Solo adventures

by Gregg Shapiro

Solo adventures

"Warm" (dBpm), the first proper solo album of all original material by Jeff Tweedy of Wilco and Uncle Tupelo fame, is the kind of musical project that will please his fans. As personal as it is universal, the sincerity of the 11 songs on "Warm" generates a welcome ardor similar to what we heard Kacey Musgraves do on her lauded "Golden Hour" album. Even the most removed listener can't help but be moved by the exquisite "How Hard It Is for a Desert To Die," "How Will I Find You?" and the John Lennon-esque "Bombs Above." Tweedy also breaks up the serious nature of the album with the subtle humor of "Don't Forget" and storm-beckoning "Let's Go Rain."

One of the original founding members of the Australian band The Go-Betweens ("Streets of Your Town"), Robert Forster has been releasing solo albums for nearly 20 years. His latest, "Inferno" (Tapete), is a welcome addition to his canon. The songs nicely alternate between sunny pop numbers such as the irresistible "Inferno (Brisbane in Summer)," "I'm Gonna Tell It" (which sounds like a long lost Velvet Underground song) and "Life Has Turned a Page" (Forster's wife Karin Bäumler provides backing vocals), and mood pieces "I'll Look After You" and "One Bird in the Sky."

Solo albums have long been a productive way for musicians to stretch muscles that may be otherwise sitting dormant. "Elastic Days" (Sub Pop) by legendary Dinosaur Jr. frontman J Mascis is a good example. An audible departure from Dinosaur Jr.'s trademark alternative rock crunch, its dozen songs are mellow and electrically charged without being washed out. Highlights include "See You at the Movies," "Picking Out the Seeds," the subtle twang of "I Went Dust," and the title track.

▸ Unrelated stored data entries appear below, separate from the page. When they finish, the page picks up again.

(* Let $(V,L,\varphi,E)$ and $(V,C,\psi,E)$ be valuation systems such that $\psi$ extends $\varphi$. Then for every ordinal number $\alpha$: if $\psi$ is $\Pi_\alpha$-extendible, then $\varphi$ is $\Pi_\alpha$-extendible and $\Pi_\alpha\psi$ extends $\Pi_\alpha\varphi$; and if $\psi$ is $\Sigma_\alpha$-extendible, then $\varphi$ is $\Sigma_\alpha$-extendible and $\Sigma_\alpha\psi$ extends $\Sigma_\alpha\varphi$.
   Context: A valuation system $(V,L,\varphi,E)$ consists of: (i) a lattice $V$ which is $\sigma$-distributive (for every $a\in V$ and sequence $(b_n)$ with existing infimum, $\bigwedge_n(a\vee b_n)$ exists and equals $a\vee\bigwedge_n b_n$, and dually for suprema); (ii) a sublattice $L$ of $V$; (iii) a partially ordered abelian group $E$ which is R-complete (whenever $x_1\ge x_2\ge\cdots$ and $y_1\ge y_2\ge\cdots$ in $E$ are such that $\bigwedge_n(x_n+y_n)$ exists, $\bigwedge_n x_n$ and $\bigwedge_n y_n$ exist; dually for increasing sequences); (iv) a valuation $\varphi:L\to E$ (order-preserving, $\varphi(a\wedge b)+\varphi(a\vee b)=\varphi(a)+\varphi(b)$). A map $\psi:C\to E$ extends $\varphi:L\to E$ if $L\subseteq C$ and $\psi|_L=\varphi$. A decreasing (resp. increasing) sequence $(a_n)$ in $L$ is $\varphi$-convergent if $\bigwedge_n a_n$ exists in $V$ and $\bigwedge_n\varphi(a_n)$ exists in $E$ (resp. with suprema). $\Pi L:=\{\bigwedge_n a_n:(a_n)\ \varphi\text{-convergent decreasing}\}$ and $\varphi$ is $\Pi$-extendible if there is a valuation $\Pi\varphi:\Pi L\to E$ with $\Pi\varphi(\bigwedge_n a_n)=\bigwedge_n\varphi(a_n)$ for all such sequences; $\Sigma L,\Sigma$-extendible, $\Sigma\varphi$ dually. Hierarchy (transfinite recursion): $\varphi$ is $\Pi_0$- and $\Sigma_0$-extendible with $\Pi_0\varphi=\Sigma_0\varphi=\varphi$; $\varphi$ is $\Pi_{\alpha+1}$-extendible iff it is $\Sigma_\alpha$-extendible and $\Sigma_\alpha\varphi$ is $\Pi$-extendible, with $\Pi_{\alpha+1}\varphi=\Pi(\Sigma_\alpha\varphi)$; $\varphi$ is $\Sigma_{\alpha+1}$-extendible iff it is $\Pi_\alpha$-extendible and $\Pi_\alpha\varphi$ is $\Sigma$-extendible, with $\Sigma_{\alpha+1}\varphi=\Sigma(\Pi_\alpha\varphi)$; at a limit $\lambda$, $\varphi$ is $\Pi_\lambda$-extendible iff $\Pi_\alpha$-extendible for all $\alpha<\lambda$, and then $\Pi_\lambda\varphi$ is the common extension of the $\Pi_\alpha\varphi$ ($\alpha<\lambda$) on $\bigcup_{\alpha<\lambda}\Pi_\alpha L$; similarly for $\Sigma_\lambda$. The same definitions apply to $\psi$. *)

theory Defs
  imports Main
begin

definition is_glb :: "'a::order set \<Rightarrow> 'a \<Rightarrow> bool" where
  "is_glb S x \<longleftrightarrow> (\<forall>y\<in>S. x \<le> y) \<and> (\<forall>z. (\<forall>y\<in>S. z \<le> y) \<longrightarrow> z \<le> x)"

definition is_lub :: "'a::order set \<Rightarrow> 'a \<Rightarrow> bool" where
  "is_lub S x \<longleftrightarrow> (\<forall>y\<in>S. y \<le> x) \<and> (\<forall>z. (\<forall>y\<in>S. y \<le> z) \<longrightarrow> x \<le> z)"

text \<open>The lattice V is the whole type 'v; sigma-distributivity of V.\<close>
definition sigma_distributive :: "('v::lattice) itself \<Rightarrow> bool" where
  "sigma_distributive (T :: 'v itself) \<longleftrightarrow>
     (\<forall>(a::'v) (b::nat \<Rightarrow> 'v) x. is_glb (range b) x \<longrightarrow> is_glb (range (\<lambda>n. sup a (b n))) (sup a x)) \<and>
     (\<forall>(a::'v) (b::nat \<Rightarrow> 'v) x. is_lub (range b) x \<longrightarrow> is_lub (range (\<lambda>n. inf a (b n))) (inf a x))"

definition R_complete :: "('e::ordered_ab_group_add) itself \<Rightarrow> bool" where
  "R_complete (T :: 'e itself) \<longleftrightarrow>
     (\<forall>x y :: nat \<Rightarrow> 'e. antimono x \<and> antimono y \<and> (\<exists>s. is_glb (range (\<lambda>n. x n + y n)) s)
        \<longrightarrow> (\<exists>s. is_glb (range x) s) \<and> (\<exists>s. is_glb (range y) s)) \<and>
     (\<forall>x y :: nat \<Rightarrow> 'e. mono x \<and> mono y \<and> (\<exists>s. is_lub (range (\<lambda>n. x n + y n)) s)
        \<longrightarrow> (\<exists>s. is_lub (range x) s) \<and> (\<exists>s. is_lub (range y) s))"

definition sublattice :: "'v::lattice set \<Rightarrow> bool" where
  "sublattice L \<longleftrightarrow> (\<forall>a\<in>L. \<forall>b\<in>L. inf a b \<in> L \<and> sup a b \<in> L)"

definition valuation :: "'v::lattice set \<Rightarrow> ('v \<Rightarrow> 'e::ordered_ab_group_add) \<Rightarrow> bool" where
  "valuation L \<phi> \<longleftrightarrow> sublattice L \<and>
     (\<forall>a\<in>L. \<forall>b\<in>L. a \<le> b \<longrightarrow> \<phi> a \<le> \<phi> b) \<and>
     (\<forall>a\<in>L. \<forall>b\<in>L. \<phi> (inf a b) + \<phi> (sup a b) = \<phi> a + \<phi> b)"

definition valuation_system :: "'v::lattice set \<Rightarrow> ('v \<Rightarrow> 'e::ordered_ab_group_add) \<Rightarrow> bool" where
  "valuation_system L \<phi> \<longleftrightarrow>
     sigma_distributive TYPE('v) \<and> sublattice L \<and> R_complete TYPE('e) \<and> valuation L \<phi>"

definition extends :: "'v set \<Rightarrow> ('v \<Rightarrow> 'e) \<Rightarrow> 'v set \<Rightarrow> ('v \<Rightarrow> 'e) \<Rightarrow> bool" where
  "extends C \<psi> L \<phi> \<longleftrightarrow> L \<subseteq> C \<and> (\<forall>x\<in>L. \<psi> x = \<phi> x)"

definition phi_conv_dec :: "'v::lattice set \<Rightarrow> ('v \<Rightarrow> 'e::ordered_ab_group_add) \<Rightarrow> (nat \<Rightarrow> 'v) \<Rightarrow> bool" where
  "phi_conv_dec L \<phi> a \<longleftrightarrow> (\<forall>n. a n \<in> L) \<and> antimono a \<and>
     (\<exists>x. is_glb (range a) x) \<and> (\<exists>s. is_glb (range (\<lambda>n. \<phi> (a n))) s)"

definition phi_conv_inc :: "'v::lattice set \<Rightarrow> ('v \<Rightarrow> 'e::ordered_ab_group_add) \<Rightarrow> (nat \<Rightarrow> 'v) \<Rightarrow> bool" where
  "phi_conv_inc L \<phi> a \<longleftrightarrow> (\<forall>n. a n \<in> L) \<and> mono a \<and>
     (\<exists>x. is_lub (range a) x) \<and> (\<exists>s. is_lub (range (\<lambda>n. \<phi> (a n))) s)"

definition PiL :: "'v::lattice set \<Rightarrow> ('v \<Rightarrow> 'e::ordered_ab_group_add) \<Rightarrow> 'v set" where
  "PiL L \<phi> = {x. \<exists>a. phi_conv_dec L \<phi> a \<and> is_glb (range a) x}"

definition SigmaL :: "'v::lattice set \<Rightarrow> ('v \<Rightarrow> 'e::ordered_ab_group_add) \<Rightarrow> 'v set" where
  "SigmaL L \<phi> = {x. \<exists>a. phi_conv_inc L \<phi> a \<and> is_lub (range a) x}"

definition Pi_extendible :: "'v::lattice set \<Rightarrow> ('v \<Rightarrow> 'e::ordered_ab_group_add) \<Rightarrow> bool" where
  "Pi_extendible L \<phi> \<longleftrightarrow> (\<exists>f. valuation (PiL L \<phi>) f \<and>
     (\<forall>a x s. phi_conv_dec L \<phi> a \<and> is_glb (range a) x \<and> is_glb (range (\<lambda>n. \<phi> (a n))) s
        \<longrightarrow> f x = s))"

definition Sigma_extendible :: "'v::lattice set \<Rightarrow> ('v \<Rightarrow> 'e::ordered_ab_group_add) \<Rightarrow> bool" where
  "Sigma_extendible L \<phi> \<longleftrightarrow> (\<exists>f. valuation (SigmaL L \<phi>) f \<and>
     (\<forall>a x s. phi_conv_inc L \<phi> a \<and> is_lub (range a) x \<and> is_lub (range (\<lambda>n. \<phi> (a n))) s
        \<longrightarrow> f x = s))"

text \<open>The extension itself (meaningful on PiL L phi when phi is Pi-extendible).\<close>
definition Pi_fun :: "'v::lattice set \<Rightarrow> ('v \<Rightarrow> 'e::ordered_ab_group_add) \<Rightarrow> 'v \<Rightarrow> 'e" where
  "Pi_fun L \<phi> x = (SOME s. \<exists>a. phi_conv_dec L \<phi> a \<and> is_glb (range a) x \<and>
                               is_glb (range (\<lambda>n. \<phi> (a n))) s)"

definition Sigma_fun :: "'v::lattice set \<Rightarrow> ('v \<Rightarrow> 'e::ordered_ab_group_add) \<Rightarrow> 'v \<Rightarrow> 'e" where
  "Sigma_fun L \<phi> x = (SOME s. \<exists>a. phi_conv_inc L \<phi> a \<and> is_lub (range a) x \<and>
                                  is_lub (range (\<lambda>n. \<phi> (a n))) s)"

definition step_ext :: "bool \<Rightarrow> 'v::lattice set \<Rightarrow> ('v \<Rightarrow> 'e::ordered_ab_group_add) \<Rightarrow> bool" where
  "step_ext b M f = (if b then Pi_extendible M f else Sigma_extendible M f)"

definition step_dom :: "bool \<Rightarrow> 'v::lattice set \<Rightarrow> ('v \<Rightarrow> 'e::ordered_ab_group_add) \<Rightarrow> 'v set" where
  "step_dom b M f = (if b then PiL M f else SigmaL M f)"

definition step_fun :: "bool \<Rightarrow> 'v::lattice set \<Rightarrow> ('v \<Rightarrow> 'e::ordered_ab_group_add) \<Rightarrow> 'v \<Rightarrow> 'e" where
  "step_fun b M f = (if b then Pi_fun M f else Sigma_fun M f)"

section \<open>Ordinals, represented as elements of a well-ordered type\<close>

definition is_zero :: "'o::wellorder \<Rightarrow> bool" where
  "is_zero \<alpha> \<longleftrightarrow> (\<forall>\<gamma>. \<alpha> \<le> \<gamma>)"

definition is_succ_of :: "'o::wellorder \<Rightarrow> 'o \<Rightarrow> bool" where
  "is_succ_of \<beta> \<alpha> \<longleftrightarrow> \<beta> < \<alpha> \<and> (\<forall>\<gamma>. \<beta> < \<gamma> \<longrightarrow> \<alpha> \<le> \<gamma>)"

definition is_limit :: "'o::wellorder \<Rightarrow> bool" where
  "is_limit \<alpha> \<longleftrightarrow> \<not> is_zero \<alpha> \<and> \<not> (\<exists>\<beta>. is_succ_of \<beta> \<alpha>)"

text \<open>hier L phi b alpha M f: phi is Pi_alpha-extendible (b = True) resp. Sigma_alpha-extendible
  (b = False), with Pi_alpha L = M (resp. Sigma_alpha L = M) and Pi_alpha phi = f on M.\<close>
inductive hier :: "'v::lattice set \<Rightarrow> ('v \<Rightarrow> 'e::ordered_ab_group_add) \<Rightarrow> bool \<Rightarrow> 'o::wellorder
                    \<Rightarrow> 'v set \<Rightarrow> ('v \<Rightarrow> 'e) \<Rightarrow> bool"
  for L :: "'v::lattice set" and \<phi> :: "'v \<Rightarrow> 'e::ordered_ab_group_add"
where
  zero: "is_zero \<alpha> \<Longrightarrow> hier L \<phi> b \<alpha> L \<phi>"
| succ: "is_succ_of \<beta> \<alpha> \<Longrightarrow> hier L \<phi> (\<not> b) \<beta> M f \<Longrightarrow> step_ext b M f \<Longrightarrow>
         hier L \<phi> b \<alpha> (step_dom b M f) (step_fun b M f)"
| limit: "is_limit \<alpha> \<Longrightarrow> (\<forall>\<beta><\<alpha>. hier L \<phi> b \<beta> (Ms \<beta>) (fs \<beta>)) \<Longrightarrow>
          M = (\<Union>\<beta>\<in>{\<beta>. \<beta> < \<alpha>}. Ms \<beta>) \<Longrightarrow>
          (\<forall>\<beta><\<alpha>. \<forall>x\<in>Ms \<beta>. f x = fs \<beta> x) \<Longrightarrow> hier L \<phi> b \<alpha> M f"

definition Pi_alpha_extendible :: "'v::lattice set \<Rightarrow> ('v \<Rightarrow> 'e::ordered_ab_group_add) \<Rightarrow> 'o::wellorder \<Rightarrow> bool" where
  "Pi_alpha_extendible L \<phi> \<alpha> \<longleftrightarrow> (\<exists>M f. hier L \<phi> True \<alpha> M f)"

definition Sigma_alpha_extendible :: "'v::lattice set \<Rightarrow> ('v \<Rightarrow> 'e::ordered_ab_group_add) \<Rightarrow> 'o::wellorder \<Rightarrow> bool" where
  "Sigma_alpha_extendible L \<phi> \<alpha> \<longleftrightarrow> (\<exists>M f. hier L \<phi> False \<alpha> M f)"

end

theory Submission
  imports Defs
begin
lemma Hk_fort_avoiding:
  assumes S: "S \<subseteq> Hk_V k" and j0: "j0 \<in> {1..k}"
    and meets: "\<And>i. i \<in> {1..k} \<Longrightarrow> cycle_trace S i 2 \<or> cycle_trace S i 4 \<or> cycle_trace S i 5"
    and few: "count5 (cycle_trace S j0) \<le> 2"
    and one: "\<And>i. i \<in> {1..k} - {j0} \<Longrightarrow> count5 (cycle_trace S i) = 1"
  obtains F where "is_fort (Hk_V k) (Hk_E k) F" "F \<inter> S = {}"
proof -
  have other: "\<not> cycle_trace S i 1 \<and> \<not> cycle_trace S i 3 \<and> indep5 (cycle_trace S i)"
    if "i \<in> {1..k} - {j0}" for i
    using count5_eq_1_not_1_3[OF one[OF that] meets] count5_le_1_indep5 one[OF that] that by auto
  obtain f where f: "fort_cycle True f True" "\<And>j. f j \<Longrightarrow> \<not> cycle_trace S j0 j"
    using fort_cycle_avoiding_le_2[OF few meets[OF j0]] by blast
  txt \<open>
    On the other cycles the complement of \<open>S\<close> is a vertex cover; in particular it contains
    the outside neighbours of cycle \<open>j0\<close>, as \<open>f\<close> requires.
  \<close>
  define F where "F = {(i, j) \<in> Hk_V k. if i = j0 then f j else (i, j) \<notin> S}"
  have nxt: "next_cycle k j0 \<in> {1..k} - {j0}" and prv: "prev_cycle k j0 \<in> {1..k} - {j0}"
    using next_cycle_in[OF j0] next_cycle_neq[OF k j0] prev_cycle_in[OF j0] prev_cycle_neq[OF k j0]
    by auto
  have "(next_cycle k j0, 1) \<in> F" "(prev_cycle k j0, 3) \<in> F"
    using other[OF nxt] other[OF prv] nxt prv by (auto simp: F_def cycle_trace_def)
  moreover have "fort_cycle ((prev_cycle k i, 3) \<in> F) (cycle_trace F i) ((next_cycle k i, 1) \<in> F)"
    if i: "i \<in> {1..k}" for i
  proof (cases "i = j0")
    case True
    have "fort_cycle True (cycle_trace F j0) True"
      using f(1) j0 by (subst fort_cycle_cong[where g = f]) (auto simp: F_def cycle_trace_def)
    with True \<open>(next_cycle k j0, 1) \<in> F\<close> \<open>(prev_cycle k j0, 3) \<in> F\<close> show ?thesis
      by simp
  next
    case False
    have "indep5 (\<lambda>j. \<not> \<not> cycle_trace S i j)"
      using other[of i] i False by simp
    then have "fort_cycle ((prev_cycle k i, 3) \<in> F) (\<lambda>j. \<not> cycle_trace S i j) ((next_cycle k i, 1) \<in> F)"
      by (rule fort_cycle_if_covers)
    then show ?thesis
      using i False by (subst fort_cycle_cong[where g = "\<lambda>j. \<not> cycle_trace S i j"])
        (auto simp: F_def cycle_trace_def)
  qed
  ultimately have "is_fort (Hk_V k) (Hk_E k) F"
    unfolding is_fort_Hk_iff F_def by blast
  moreover have "F \<inter> S = {}"
    using f(2) by (auto simp: F_def cycle_trace_def)
  ultimately show thesis
    by (rule that)
qed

If you don't immediately recognize the name Nat Freedberg, perhaps you know him better as Lord Bendover from rock novelty act The Upper Crust. Dressed in 18th-century period attire and powdered wigs, The Upper Crust was in on the joke as they played a style of rock that combined metal, glam and a heavy dose of camp. For Freedberg's solo album "Better Late Than Never" (Rum Bar), featuring "love songs, sad songs, songs about the devil," he is joined by a stellar line-up of Boston musicians, and rocks us to our core on "I Think I Died and Went to Heaven," "Queen for a Day" and "Heavy Metal Cow."

Known for leading blistering garage rock acts including Pussy Galore, Jon Spencer Blues Explosion, Boss Hog and Heavy Trash, Jon Spencer steps out on his own on "Spencer Sings the Hits" (In the Red). Fear not, Spencer doesn't veer too far from his trademark scuzzy fuzz rock on the album's 12 songs including "Time 2 Be Bad," "Alien Humidity" and "Love Handle."

When you stop to think about it, a lot of cool bands have roots in Ohio. Devo, Pretenders, Pere Ubu, The Black Keys and Afghan Whigs, all have connections to the Buckeye State. One of the best was The Waitresses, known for "I Know What Boys Like," "No Guilt," "Christmas Wrapping" and the theme song to the early 1980s Sarah Jessica Parker sitcom "Square Pegs." Chris Butler, The Waitresses' leader and main songwriter, has continued making music since the band broke up, and "Got It Together" (Future Fossil) is his latest. You can definitely hear traces of The Waitresses' delicious wit throughout the album's 16 songs, including three demo recordings.

Formerly of Something Corporate and Jack's Mannequin, Andrew McMahon has been making piano-driven pop music as Andrew McMahon in the Wilderness since 2014. The first few songs on his new album "Upside Down Flowers" (Fantasy/Crush) set the tone with their personal lyrics. McMahon knows firsthand what he's singing about on opener "Teenage Rockstars." In "Blue Vacation," McMahon sings about needing "a place to raise my daughter," perhaps on a "private island." He sings like a person with "mouths to feed" ("Paper Rain").

"Sunlight Tonight" (Normaltown) is the solo debut album by Parker Gispert of Georgian band The Whigs. With the exception of "Is It 9?," the album is a much less raucous affair than you might expect from the frontman of The Whigs. The gorgeous "Magnolia Sunrise" even features a lovely string section.